Scheidingsafstanden (vervolg)
Voor zenders met een maximaal uitvoervermogen dat hierboven niet opgenomen is, kan de aanbevolen scheidingsafstand in
meters (m) bepaald worden aan de hand van de vergelijking die van toepassing is op de frequentie van de zender, waarbij P de
waarde in watt (W) is van het maximale uitgangsvermogen van de zender zoals opgegeven door de fabrikant van de zender.
Opmerking 1: bij 80 MHz en 800 MHz is de scheidingsafstand voor het hogere frequentiebereik van toepassing.
Opmerking 2: de ISM-banden (industriële, wetenschappelijke en medische) tussen 150 kHz en 80 MHz zijn 6.765 MHz tot
6.795 MHz, 13.553 MHz tot 13.567 , 26.957 MHz tot 27 .283 MHz en 40,66 MHz tot 40,70 MHz.
Opmerking 3: bij de berekening van de aanbevolen scheidingsafstand voor zenders in de ISM-frequentiebanden tussen 150
kHz en 80 MHz en het frequentiebereik 80 MHz tot 2,5 GHz, wordt een extra factor 10/3 gebruikt om de waarschijnlijkheid
te reduceren dat mobiele/draagbare communicatieapparatuur interferentie zou kunnen veroorzaken als deze per ongeluk in
gebieden rond patiënten wordt gebracht.
Opmerking 4: deze richtlijnen zijn wellicht niet in alle omstandigheden van toepassing. Elektromagnetische voortplanting
wordt beïnvloed door absorptie en weerkaatsing van structuren, objecten en mensen.

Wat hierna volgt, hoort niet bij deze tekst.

(* Invariant: the stack read bottom to top, followed by the unread input, is a subsequence of pi.
   An entry y is popped only below a larger x, so a smaller entry a read later would give the 231
   y, x, a. *)
lemma stack_sort_sorted_if_avoids_231:
  "(\<And>zs. vavoids zs \<sigma> \<longleftrightarrow> sorted zs) \<Longrightarrow> sorted st \<Longrightarrow> subseq (rev st @ xs) \<pi>
   \<Longrightarrow> vavoids \<pi> ([2, 3, 1], {}) \<Longrightarrow> sorted (sc_aux \<sigma> xs st)"
proof (induction \<sigma> xs st rule: sc_aux.induct)
  case (3 \<sigma> x xs y st)
  show ?case
  proof (cases "sorted (x # y # st)")
    case True
    then have "vavoids (x # y # st) \<sigma>"
      using "3.prems"(1) by blast
    then show ?thesis
      using "3.IH"(1) True "3.prems" by simp
  next
    case False
    then have no_push: "\<not> vavoids (x # y # st) \<sigma>"
      using "3.prems"(1) by blast
    then have pop: "sc_aux \<sigma> (x # xs) (y # st) = y # sc_aux \<sigma> (x # xs) st"
      by simp
    have "y < x"
      using False "3.prems"(2) by auto
    have in_\<pi>: "subseq (rev st @ y # x # xs) \<pi>"
      using "3.prems"(3) by simp
    moreover have "subseq (rev st @ x # xs) (rev st @ y # x # xs)"
      unfolding subseq_append' by (rule list_emb_Cons) (rule subseq_order.refl)
    ultimately have "subseq (rev st @ x # xs) \<pi>"
      by (blast intro: subseq_order.trans)
    then have "sorted (sc_aux \<sigma> (x # xs) st)"
      using "3.IH"(2) no_push "3.prems" by simp
    moreover have "y \<le> a" if "a \<in> set xs" for a
    proof (rule ccontr)
      assume "\<not> y \<le> a"
      have "subseq [y, x, a] (y # x # xs)"
        using that by (simp add: subseq_singleton_left)
      then have "subseq [y, x, a] \<pi>"
        using in_\<pi> by (blast intro: subseq_order.trans list_emb_append2)
      then show False
        using \<open>\<not> y \<le> a\<close> \<open>y < x\<close> "3.prems"(4) unfolding vavoids_def vcontains_231_iff
        by (auto simp: not_le)
    qed
    ultimately show ?thesis
      using pop \<open>y < x\<close> "3.prems"(2) by (auto simp: set_sc_aux)
  qed
qed simp_all

theorem west_sorted_iff_avoids_231: "sorted (west_s \<pi>) \<longleftrightarrow> vavoids \<pi> ([2, 3, 1], {})"
proof
  show "sorted (west_s \<pi>) \<Longrightarrow> vavoids \<pi> ([2, 3, 1], {})"
    using stack_sort_not_sorted_if_231[OF vavoids_21_iff_sorted, of "[]"]
    unfolding west_s_def SC_def vavoids_def vcontains_231_iff by auto
  show "vavoids \<pi> ([2, 3, 1], {}) \<Longrightarrow> sorted (west_s \<pi>)"
    using stack_sort_sorted_if_avoids_231[OF vavoids_21_iff_sorted, of "[]" \<pi> \<pi>]
    unfolding west_s_def SC_def by simp
qed

section \<open>Patterns starting with a descent of length three\<close>

lemma vcontains_Cons_Cons_descent:
  assumes descent: "3 \<le> length p" "p ! 2 < p ! 1" "p ! 1 < p ! 0"
    and "vcontains (x # z # st) (p, U)"
    and "vavoids (z # st) (p, U)" "vavoids (x # st) (p, U)"
  shows "\<exists>d\<in>set st. d < z \<and> z < x"
proof -
  obtain f where occ: "is_occurrence (x # z # st) p U f"
    using assms(4) by (auto simp: vcontains_iff_occurrence)
  then have sm: "strict_mono_on {0..<length p} f"
    and f_less: "\<forall>i<length p. f i < length (x # z # st)"
    and iso: "\<forall>i<length p. \<forall>j<length p. (x # z # st) ! f i < (x # z # st) ! f j \<longleftrightarrow> p ! i < p ! j"
    by (simp_all add: is_occurrence_def)
  have "0 < f 1" "f 1 < f 2"
    using strict_mono_on_atLeastLessThanD[OF sm, of 0 1]
      strict_mono_on_atLeastLessThanD[OF sm, of 1 2] descent(1)
    by auto
  obtain i where "i < length p" "f i = 0"
    using vcontains_delete_unused_entry[of "[]" x "z # st" p U f] occ assms(5)
      by (auto simp: vavoids_def)
  then have f0: "f 0 = 0"
    using strict_mono_on_atLeastLessThanD[OF sm, of 0 i] by (cases "i = 0") auto
  obtain j where "j < length p" "f j = 1"
    using vcontains_delete_unused_entry[of "[x]" z st p U f] occ assms(6)
      by (auto simp: vavoids_def)
  moreover have "j \<noteq> 0"
    using f0 \<open>f j = 1\<close> by (cases j) auto
  ultimately have f1: "f 1 = 1"
    using strict_mono_on_atLeastLessThanD[OF sm, of 1 j] \<open>0 < f 1\<close> by (cases "j = 1") auto
  define d where "d = st ! (f 2 - 2)"
  have "f 2 < length st + 2"
    using f_less descent(1) by auto
  then have d: "d \<in> set st" "(x # z # st) ! f 2 = d"
    using \<open>f 1 < f 2\<close> f1 by (auto simp: d_def nth_Cons' numeral_2_eq_2)
  have "0 < length p" "1 < length p" "2 < length p"
    using descent(1) by auto
  then have "(x # z # st) ! f 2 < (x # z # st) ! f 1" "(x # z # st) ! f 1 < (x # z # st) ! f 0"
    using iso descent(2,3) by blast+
  with d f0 f1 show ?thesis
    by auto
qed

lemma sc_aux_pop_contains_231:
  assumes descent: "3 \<le> length p" "p ! 2 < p ! 1" "p ! 1 < p ! 0"
  shows "vavoids (z # st) (p, U) \<Longrightarrow> vcontains (x # z # st) (p, U)
    \<Longrightarrow> vcontains (z # sc_aux (p, U) (x # xs) st) ([2, 3, 1], {})"
proof (induction st arbitrary: z)
  case Nil
  then show ?case
    using vcontains_length_le[of "[x, z]" p U] descent(1) by simp
next
  case (Cons y st)
  show ?case
  proof (cases "vavoids (x # y # st) (p, U)")
    case True
    then obtain d where "d \<in> set (y # st)" "d < z" "z < x"
      using vcontains_Cons_Cons_descent[OF descent Cons.prems(2,1)] by blast
    then have "subseq [x, d] (x # y # st)"
      by (auto simp: subseq_singleton_left)
    then have "subseq [x, d] (sc_aux (p, U) xs (x # y # st))"
      using subseq_stack_sc_aux by (rule subseq_order.trans)
    then have "subseq [z, x, d] (z # sc_aux (p, U) (x # xs) (y # st))"
      using True by simp
    then show ?thesis
      using \<open>d < z\<close> \<open>z < x\<close> unfolding vcontains_231_iff by blast
  next
    case False
    then have "vcontains (y # sc_aux (p, U) (x # xs) st) ([2, 3, 1], {})"
      using Cons.IH Cons.prems(1) vavoids_append_leftD[of "[z]"] by (simp add: vavoids_def)
    then show ?thesis
      using False vcontains_append_left[of _ _ "[z]"] by simp
  qed
qed

lemma sc_aux_contains_231:
  assumes descent: "3 \<le> length p" "p ! 2 < p ! 1" "p ! 1 < p ! 0"
  shows "vavoids st (p, U) \<Longrightarrow> vcontains (rev xs @ st) (p, U)
    \<Longrightarrow> vcontains (sc_aux (p, U) xs st) ([2, 3, 1], {})"
proof (induction xs arbitrary: st)
  case Nil
  then show ?case
    by (simp add: vavoids_def)
next
  case (Cons x xs)
  show ?case
  proof (cases st)
    case Nil
    have "vavoids [x] (p, U)"
      using vcontains_length_le[of "[x]" p U] descent(1) by (auto simp: vavoids_def)
    then show ?thesis
      using Cons Nil by simp
  next
    case (Cons y st')
    show ?thesis
    proof (cases "vavoids (x # y # st') (p, U)")
      case True
      then show ?thesis
        using Cons.IH[of "x # y # st'"] Cons.prems \<open>st = y # st'\<close> by simp
    next
      case False
      then have "vcontains (y # sc_aux (p, U) (x # xs) st') ([2, 3, 1], {})"
        using sc_aux_pop_contains_231[OF descent] Cons.prems \<open>st = y # st'\<close>
          by (simp add: vavoids_def)
      then show ?thesis
        using False \<open>st = y # st'\<close> by simp
    qed
  qed
qed

lemma sorted_west_SC_iff:
  assumes descent: "3 \<le> length p" "p ! 2 < p ! 1" "p ! 1 < p ! 0"
    and U: "U \<subseteq> {0..<length p}"
  shows "sorted (west_s (SC (p, U) \<tau>)) \<longleftrightarrow> vavoids \<tau> (vrev (p, U)) \<and> vavoids \<tau> ([1, 3, 2], {})"
proof (cases "vavoids \<tau> (vrev (p, U))")
  case True
  then have "SC (p, U) \<tau> = rev \<tau>"
    using sc_aux_no_pop[of \<tau> "[]"] vcontains_rev_iff[OF U] by (simp add: SC_def vavoids_def)
  moreover have "vavoids (rev \<tau>) ([2, 3, 1], {}) \<longleftrightarrow> vavoids \<tau> ([1, 3, 2], {})"
    using vcontains_rev_iff[of "{}" "[2, 3, 1]" \<tau>] unfolding vavoids_def vrev_def by simp
  ultimately show ?thesis
    using True by (simp add: west_sorted_iff_avoids_231)
next
  case False
  then have "vcontains (rev \<tau> @ []) (p, U)"
    using vcontains_rev_iff[OF U] by (simp add: vavoids_def)
  moreover have "vavoids [] (p, U)"
    using vcontains_length_le[of "[]" p U] descent(1) by (auto simp: vavoids_def)
  ultimately have "vcontains (SC (p, U) \<tau>) ([2, 3, 1], {})"
    using sc_aux_contains_231[OF descent] unfolding SC_def by blast
  then show ?thesis
    using False unfolding west_sorted_iff_avoids_231 vavoids_def by blast
qed

lemma sorted_iff_eq_if_mset_eq: "sorted ys \<Longrightarrow> mset xs = mset ys \<Longrightarrow> sorted xs \<longleftrightarrow> xs = ys"
  by (metis properties_for_sort sorted_sort_id)

lemma mset_perms:
  assumes "\<tau> \<in> perms n"
  shows "mset \<tau> = mset [1..<n + 1]"
proof -
  have "set [1..<n + 1] = {1..n}"
    by auto
  then show ?thesis
    using assms set_eq_iff_mset_eq_distinct[of \<tau> "[1..<n + 1]"]
      by (simp add: perms_def del: upt_Suc)
qed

Naleving van de regelgeving
Wijzigingen of aanpassingen van dit product die niet uitdrukkelijk goedgekeurd zijn door Defibtech, kunnen de
bevoegdheid van de gebruiker om de apparatuur te bedienen, tenietdoen.
Dit apparaat voldoet aan deel 15 van de regels van de Amerikaanse FCC en Industry Canada Radio Standard RSS-
210. Het gebruik van het apparaat moet voldoen aan de volgende twee voorwaarden:
(1) dit apparaat mag geen schadelijke storing veroorzaken en
(2) dit apparaat moet iedere ontvangen storing accepteren, ook storing die de werking van het apparaat negatief kan
beïnvloeden.
Dit apparaat is getest en is in overeenstemming bevonden met de beperkingen van een digitaal apparaat van klasse
B, conform deel 15 van de regels van de Amerikaanse FCC. Deze beperkingen zijn bedoeld om een redelijke
bescherming te bieden tegen schadelijke storingen in een woonomgeving. Dit apparaat produceert en gebruikt
radiofrequentie-energie en kan deze uitstralen, en kan, indien niet volgens de instructies geïnstalleerd en gebruikt,
radiocommunicatie verstoren. Er is echter geen garantie dat er in bepaalde situaties geen storing zal optreden.
Als dit apparaat radio- of televisieontvangst stoort, wat kan worden vastgesteld door het apparaat uit en weer in te
schakelen, dan kan de gebruiker proberen de storing op te heffen op één of meer van de volgende manieren:
• De ontvangstantenne heroriënteren of verplaatsen.
• De afstand vergroten tussen de apparatuur en de ontvanger.
• Het apparaat aansluiten op een stopcontact van een ander circuit dan dat waarop de ontvanger is aangesloten.
• Raadpleeg de verkoper of een ervaren radio- of tv-monteur.
CE-keurmerk en overeenstemming Europese Unie – radiozender
Defibtech, LLC verklaart dat de AED-radiozender van de DDU-2000-reeks in overeenstemming is met de essentiële
vereisten en andere relevante bepalingen in Richtlijn 1999/5/EC. De toepasselijke normen zijn te vinden in het gedeelte
"Omgeving" in hoofdstuk 11 van deze handleiding.